- TASK INSTRUCTIONS
Which lines of the entries contain the string "noteq"? Copy each of them.

[Opening DATASET section]

(* Write J V x for the integral of F_{M,V} over [0,x]. Then F_{M,V1} is ssd-below F_{M,V2}
   exactly when J V2 <= J V1 on [0,1], and J V x = E (x - X)^+ for X with law F_{M,V}.

   For two Beta laws with the same mean and ordered parameters, the logarithm of the ratio of
   the densities is convex, so the difference of the distribution functions is first
   nonnegative and then nonpositive. It vanishes at 0 and 1 and, the means being equal, its
   integral over [0,1] is 0; hence its integral over [0,x] is nonnegative. As both Beta
   parameters decrease when V grows, J V x increases with V on ]0, D M[.

   For the boundary laws, bound (x - t)^+ above and below by quadratics in t and integrate:
   only the moments M and M^2 + V enter, and one gets
   max 0 (x - M) <= J V x <= x (1 - M),   J V x <= max 0 (x - M) + e + V / (4 e),
   x (1 - M) - (D M - V) <= J V x.
   The outer bounds are J 0 x and J (D M) x; the other two give J V x -> J 0 x as V -> 0 and
   J V x -> J (D M) x as V -> D M, which yields the supremum and infimum. *)

section \<open>Indefinite integrals and sign changes\<close>

lemma MVT_open_interval:
  fixes f f' :: "real \<Rightarrow> real"
  assumes "a < b" "continuous_on {a..b} f"
    and "\<And>z. a < z \<Longrightarrow> z < b \<Longrightarrow> (f has_real_derivative f' z) (at z)"
  obtains z where "a < z" "z < b" "f b - f a = (b - a) * f' z"
proof -
  from MVT[OF assms(1,2)] obtain l z where z: "a < z" "z < b" "DERIV f z :> l" "f b - f a = (b - a) * l"
    using assms(3) by (force simp: real_differentiable_def)
  then have "l = f' z" using assms(3) DERIV_unique by blast
  with z that show ?thesis by blast
qed

lemma integral_has_real_derivative_interior:
  fixes f :: "real \<Rightarrow> real"
  assumes "f integrable_on {a..b}" "a < x" "x < b" "isCont f x"
  shows "((\<lambda>y. integral {a..y} f) has_real_derivative f x) (at x)"
proof -
  have "((\<lambda>y. integral {a..y} f) has_vector_derivative f x) (at x within {a..b} - {})"
    by (rule integral_has_vector_derivative_continuous_at)
       (use assms in \<open>auto intro: continuous_at_imp_continuous_within\<close>)
  moreover have "at x within {a..b} = at x"
    by (rule at_within_interior) (use assms in auto)
  ultimately show ?thesis by (simp add: has_real_derivative_iff_has_vector_derivative)
qed

lemma continuous_on_integral_indefinite_integral:
  "f integrable_on {a..b} \<Longrightarrow> continuous_on {a..b} (\<lambda>y. integral {a..y} (\<lambda>s. integral {a..s} f))"
  for f :: "real \<Rightarrow> real"
  by (rule indefinite_integral_continuous_1[OF integrable_continuous_interval[OF
        indefinite_integral_continuous_1]])

lemma integral_indefinite_integral_has_real_derivative:
  fixes f :: "real \<Rightarrow> real"
  assumes f: "f integrable_on {a..b}" and z: "a < z" "z < b"
  shows "((\<lambda>y. integral {a..y} (\<lambda>s. integral {a..s} f)) has_real_derivative integral {a..z} f) (at z)"
proof (rule integral_has_real_derivative_interior[OF _ z])
  show "(\<lambda>s. integral {a..s} f) integrable_on {a..b}"
    by (intro integrable_continuous_interval indefinite_integral_continuous_1 f)
  show "isCont (\<lambda>s. integral {a..s} f) z"
    by (rule continuous_on_interior[OF indefinite_integral_continuous_1[OF f]]) (use z in auto)
qed

lemma integral_indefinite_integral:
  fixes w :: "real \<Rightarrow> real"
  assumes w: "w integrable_on {a..b}" "(\<lambda>t. t * w t) integrable_on {a..b}"
    and cont: "\<And>t. a < t \<Longrightarrow> t < b \<Longrightarrow> isCont w t"
    and x: "x \<in> {a..b}"
  shows "integral {a..x} (\<lambda>s. integral {a..s} w) = integral {a..x} (\<lambda>t. (x - t) * w t)"
proof -
  define W where "W s = integral {a..s} w" for s
  define \<Phi> where "\<Phi> y = integral {a..y} W - (y * W y - integral {a..y} (\<lambda>t. t * w t))" for y
  have W_cont: "continuous_on {a..b} W"
    unfolding W_def by (rule indefinite_integral_continuous_1[OF w(1)])
  have W_deriv: "(W has_real_derivative w y) (at y)" if "a < y" "y < b" for y
    unfolding W_def[abs_def] by (rule integral_has_real_derivative_interior) (use w cont that in auto)
  have "\<Phi> x = \<Phi> a"
  proof (cases "a < b")
    case True
    show ?thesis
    proof (rule DERIV_isconst2[where f = \<Phi>, OF True])
      show "continuous_on {a..b} \<Phi>"
        unfolding \<Phi>_def[abs_def] W_def
        by (intro continuous_on_diff continuous_on_mult continuous_on_id
            indefinite_integral_continuous_1 continuous_on_integral_indefinite_integral w)
    next
      fix y assume y: "a < y" "y < b"
      have "((\<lambda>y. integral {a..y} W) has_real_derivative W y) (at y)"
        unfolding W_def[abs_def] by (rule integral_indefinite_integral_has_real_derivative[OF w(1) y])
      moreover have "((\<lambda>y. integral {a..y} (\<lambda>t. t * w t)) has_real_derivative y * w y) (at y)"
        by (rule integral_has_real_derivative_interior[OF w(2) y]) (use cont y in \<open>auto intro: continuous_intros\<close>)
      ultimately have "(\<Phi> has_real_derivative W y - (y * w y + 1 * W y - y * w y)) (at y)"
        unfolding \<Phi>_def[abs_def] by (intro DERIV_diff DERIV_mult' DERIV_ident W_deriv y)
      then show "(\<Phi> has_real_derivative 0) (at y)" by simp
    qed (use x in auto)
  next
    case False
    with x have "x = a" by simp
    then show ?thesis by simp
  qed
  then have "integral {a..x} W = x * W x - integral {a..x} (\<lambda>t. t * w t)"
    by (simp add: \<Phi>_def W_def)
  also have "\<dots> = integral {a..x} (\<lambda>t. x * w t - t * w t)"
    using x integrable_on_subinterval[OF w(1), of a x] integrable_on_subinterval[OF w(2), of a x]
    by (simp add: W_def integral_diff integrable_on_mult_right)
  finally show ?thesis by (simp add: W_def[abs_def] left_diff_distrib)
qed
(* Let $\Gamma=(N,A,u)$ be a finite game that admits a correlated equilibrium $p\in\Delta A$ all of whose coordinates are rational numbers. Then there exists a finite set of message profiles $M=\times_{i\in N}M_i$ such that every outcome $\mu\in\Delta A$ with $\mathrm{supp}(\mu)\subseteq\mathrm{supp}(p)$ is implemented by some partially specified data-generating process $\mathcal{D}=(M,\eta,\mathcal{F})$.
   Context: A finite game $\Gamma=(N,A,u)$ has a finite set of players $N$, finite action sets $A_i$, $A=\times_{i\in N}A_i$, and utilities $u_i:A\to\mathbb{R}$ (extended multilinearly to mixed action profiles). A correlated equilibrium is $p\in\Delta A$ such that for all $i$, all $a_i$ with $\sum_{a_{-i}}p_{a_i,a_{-i}}>0$, and all $b\in A_i$: $\sum_{a_{-i}}p_{a_i,a_{-i}}[u_i(a_i,a_{-i})-u_i(b,a_{-i})]\ge 0$. A partially specified data-generating process is a triple $\mathcal{D}=(M,\eta,\mathcal{F})$ with $M=\times_iM_i$ finite, $\eta\in\Delta M$, $\mathcal{F}\subseteq\{f:M\to\mathbb{R}\}$. Let $\Delta_{\mathcal{D}}=\{q\in\Delta M:\sum_mq_mf(m)=\sum_m\eta_mf(m)\ \forall f\in\mathcal{F}\}$; the belief is the unique maximizer $q$ of $\mathcal{H}(q)=-\sum_mq_m\log q_m$ over $\Delta_{\mathcal{D}}$. A strategy profile is $\sigma=(\sigma_i)$, $\sigma_i:M_i\to\Delta A_i$, $\sigma(a\mid m)=\prod_i\sigma_i(a_i\mid m_i)$, and $(\eta\circ\sigma)(a)=\sum_m\eta_m\sigma(a\mid m)$. $\mu\in\Delta A$ is implemented by $\mathcal{D}$ if there is $\sigma$ with (i) $q$ the maximum-entropy belief; (ii) for all $i$, all $m_i$ with positive $q$-marginal, all $a_i'\in A_i$: $\sum_{m_{-i}}q_{m_i,m_{-i}}[u_i(\sigma_i(m_i),\sigma_{-i}(m_{-i}))-u_i(a_i',\sigma_{-i}(m_{-i}))]\ge0$; (iii) $\mu=\eta\circ\sigma$. *)

theory Defs
  imports Complex_Main
begin

(* Players are the elements of a finite type 'n; A i is the (finite) action set of
   player i; profiles A is the product set  X_i A_i  (as total functions). *)
definition profiles :: "('n \<Rightarrow> 'a set) \<Rightarrow> ('n \<Rightarrow> 'a) set" where
  "profiles A = {a. \<forall>i. a i \<in> A i}"

definition Delta :: "'b set \<Rightarrow> ('b \<Rightarrow> real) set" where
  "Delta S = {p. (\<forall>x\<in>S. 0 \<le> p x) \<and> (\<forall>x. x \<notin> S \<longrightarrow> p x = 0) \<and> sum p S = 1}"

(* Multilinear extension of u i to mixed action profiles tau (tau j a = prob. of action a) *)
definition EU :: "('n::finite \<Rightarrow> 'a set) \<Rightarrow> ('n \<Rightarrow> ('n \<Rightarrow> 'a) \<Rightarrow> real) \<Rightarrow> 'n
                  \<Rightarrow> ('n \<Rightarrow> 'a \<Rightarrow> real) \<Rightarrow> real" where
  "EU A u i tau = (\<Sum>a\<in>profiles A. (\<Prod>j\<in>UNIV. tau j (a j)) * u i a)"

definition point_mass :: "'a \<Rightarrow> 'a \<Rightarrow> real" where
  "point_mass b = (\<lambda>x. if x = b then 1 else 0)"

definition correlated_eq :: "('n::finite \<Rightarrow> 'a set) \<Rightarrow> ('n \<Rightarrow> ('n \<Rightarrow> 'a) \<Rightarrow> real)
                              \<Rightarrow> (('n \<Rightarrow> 'a) \<Rightarrow> real) \<Rightarrow> bool" where
  "correlated_eq A u p \<longleftrightarrow> p \<in> Delta (profiles A) \<and>
     (\<forall>i. \<forall>ai \<in> A i. (\<Sum>a\<in>{a\<in>profiles A. a i = ai}. p a) > 0 \<longrightarrow>
        (\<forall>b\<in>A i. (\<Sum>a\<in>{a\<in>profiles A. a i = ai}. p a * (u i a - u i (a(i := b)))) \<ge> 0))"

definition DeltaD :: "('n \<Rightarrow> 'm set) \<Rightarrow> (('n \<Rightarrow> 'm) \<Rightarrow> real) \<Rightarrow> ((('n \<Rightarrow> 'm) \<Rightarrow> real) set)
                       \<Rightarrow> (('n \<Rightarrow> 'm) \<Rightarrow> real) set" where
  "DeltaD M eta F = {q \<in> Delta (profiles M).
      \<forall>f\<in>F. (\<Sum>m\<in>profiles M. q m * f m) = (\<Sum>m\<in>profiles M. eta m * f m)}"

definition entropy :: "'b set \<Rightarrow> ('b \<Rightarrow> real) \<Rightarrow> real" where
  "entropy S q = - (\<Sum>m\<in>S. (if q m = 0 then 0 else q m * ln (q m)))"

definition is_maxent_belief :: "('n \<Rightarrow> 'm set) \<Rightarrow> (('n \<Rightarrow> 'm) \<Rightarrow> real) \<Rightarrow> ((('n \<Rightarrow> 'm) \<Rightarrow> real) set)
                       \<Rightarrow> (('n \<Rightarrow> 'm) \<Rightarrow> real) \<Rightarrow> bool" where
  "is_maxent_belief M eta F q \<longleftrightarrow> q \<in> DeltaD M eta F \<and>
     (\<forall>q'\<in>DeltaD M eta F. entropy (profiles M) q' \<le> entropy (profiles M) q) \<and>
     (\<forall>q'\<in>DeltaD M eta F. entropy (profiles M) q' = entropy (profiles M) q \<longrightarrow> q' = q)"

definition compose :: "('n::finite \<Rightarrow> 'm set) \<Rightarrow> (('n \<Rightarrow> 'm) \<Rightarrow> real)
                        \<Rightarrow> ('n \<Rightarrow> 'm \<Rightarrow> 'a \<Rightarrow> real) \<Rightarrow> ('n \<Rightarrow> 'a) \<Rightarrow> real" where
  "compose M eta sigma a = (\<Sum>m\<in>profiles M. eta m * (\<Prod>i\<in>UNIV. sigma i (m i) (a i)))"

definition implemented :: "('n::finite \<Rightarrow> 'a set) \<Rightarrow> ('n \<Rightarrow> ('n \<Rightarrow> 'a) \<Rightarrow> real)
     \<Rightarrow> ('n \<Rightarrow> 'm set) \<Rightarrow> (('n \<Rightarrow> 'm) \<Rightarrow> real) \<Rightarrow> ((('n \<Rightarrow> 'm) \<Rightarrow> real) set)
     \<Rightarrow> (('n \<Rightarrow> 'a) \<Rightarrow> real) \<Rightarrow> bool" where
  "implemented A u M eta F mu \<longleftrightarrow>
    (\<exists>sigma :: 'n \<Rightarrow> 'm \<Rightarrow> 'a \<Rightarrow> real. \<exists>q.
       (\<forall>i. \<forall>mi\<in>M i. sigma i mi \<in> Delta (A i)) \<and>
       is_maxent_belief M eta F q \<and>
       (\<forall>i. \<forall>mi\<in>M i. (\<Sum>m\<in>{m\<in>profiles M. m i = mi}. q m) > 0 \<longrightarrow>
          (\<forall>a'\<in>A i. (\<Sum>m\<in>{m\<in>profiles M. m i = mi}.
              q m * (EU A u i (\<lambda>j. sigma j (m j))
                     - EU A u i ((\<lambda>j. sigma j (m j))(i := point_mass a')))) \<ge> 0)) \<and>
       mu = compose M eta sigma)"

end

theory Submission
  imports Defs
begin

(* Write p as the empirical distribution of a list L of K profiles, which is possible because
   p is rational. The mediator draws shares x : N -> {0..<K} uniformly, takes the token
   t = (sum of the shares) mod K and sends each player i the pair (x i, (L ! t) i). If there
   is another player j, then for fixed x i the share x j makes t uniform, so conditioned on
   player i's message the recommended profile is distributed as p given a i; obeying the
   recommendation is then the correlated-equilibrium inequality. (With a single player the
   message reveals the whole profile, and obedience holds profile by profile.)
   The data-generating process only forces the belief to vanish outside the set of possible
   messages, so the maximum-entropy belief is uniform on that set whatever the true
   distribution eta is, and eta can be chosen to realise any mu supported in the support of p. *)

lemma finite_profiles:
  assumes "\<And>i. finite (B i)"
  shows "finite (profiles (B :: 'n::finite \<Rightarrow> 'b set))"
proof (rule finite_subset)
  show "profiles B
      \<subseteq> {f. \<forall>x. (x \<in> UNIV \<longrightarrow> f x \<in> (\<Union>i. B i)) \<and> (x \<notin> UNIV \<longrightarrow> f x = undefined)}"
    by (auto simp: profiles_def)
qed (use assms in \<open>intro finite_set_of_finite_funs; simp\<close>)

lemma prod_point_mass:
  "(\<Prod>j\<in>UNIV. point_mass (c j) (a j)) = (if a = (c :: 'n::finite \<Rightarrow> 'a) then 1 else 0)"
proof (cases "a = c")
  case False
  then obtain j where "a j \<noteq> c j" by auto
  then have "point_mass (c j) (a j) = 0" by (simp add: point_mass_def)
  then show ?thesis using False by (metis finite UNIV_I prod_zero)
qed (simp add: point_mass_def)

lemma EU_point_mass:
  assumes "\<And>i. finite (A i)" and "c \<in> profiles A"
  shows "EU A u i (\<lambda>j. point_mass (c j)) = u i c"
proof -
  have "EU A u i (\<lambda>j. point_mass (c j)) = (\<Sum>a\<in>profiles A. if a = c then u i a else 0)"
    unfolding EU_def prod_point_mass by (intro sum.cong) auto
  then show ?thesis using assms finite_profiles[of A] by simp
qed

lemma point_mass_in_Delta: "finite S \<Longrightarrow> b \<in> S \<Longrightarrow> point_mass b \<in> Delta S"
  unfolding Delta_def point_mass_def by (auto simp: sum.delta')

lemma xlnx_tangent_le:
  fixes c y :: real
  assumes "c > 0" and "y \<ge> 0"
  shows "y * ln c + y - c \<le> (if y = 0 then 0 else y * ln y)"
    and "(if y = 0 then 0 else y * ln y) = y * ln c + y - c \<Longrightarrow> y = c"
proof -
  show "y * ln c + y - c \<le> (if y = 0 then 0 else y * ln y)"
  proof (cases "y = 0")
    case False
    then have "y > 0" using assms by simp
    then have "y * ln (c / y) \<le> y * (c / y - 1)"
      using assms ln_le_minus_one[of "c / y"] by (intro mult_left_mono) auto
    then show ?thesis using \<open>y > 0\<close> assms by (simp add: ln_div algebra_simps)
  qed (use assms in simp)
  assume eq: "(if y = 0 then 0 else y * ln y) = y * ln c + y - c"
  then have "y > 0" using assms by (cases "y = 0") auto
  then have "y * ln (c / y) = y * (c / y - 1)"
    using eq assms by (simp add: ln_div algebra_simps)
  then have "ln (c / y) = c / y - 1" using \<open>y > 0\<close> by simp
  then have "c / y = 1" using ln_eq_minus_one[of "c / y"] \<open>y > 0\<close> assms by simp
  then show "y = c" using \<open>y > 0\<close> by simp
qed

definition uniform :: "'b set \<Rightarrow> 'b \<Rightarrow> real" where
  "uniform S m = (if m \<in> S then 1 / real (card S) else 0)"

lemma uniform_in_Delta:
  assumes "finite P" "S \<subseteq> P" "S \<noteq> {}"
  shows "uniform S \<in> Delta P"
proof -
  have "finite S" using assms finite_subset by blast
  then have "sum (uniform S) P = sum (uniform S) S"
    using assms by (intro sum.mono_neutral_right) (auto simp: uniform_def)
  also have "\<dots> = 1" using \<open>finite S\<close> assms by (simp add: uniform_def)
  finally show ?thesis using assms by (auto simp: Delta_def uniform_def)
qed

[Closing DATASET section]

- EXERCISE ANSWER
  then obtain j where "a j \<noteq> c j" by auto
  assumes "finite P" "S \<subseteq> P" "S \<noteq> {}"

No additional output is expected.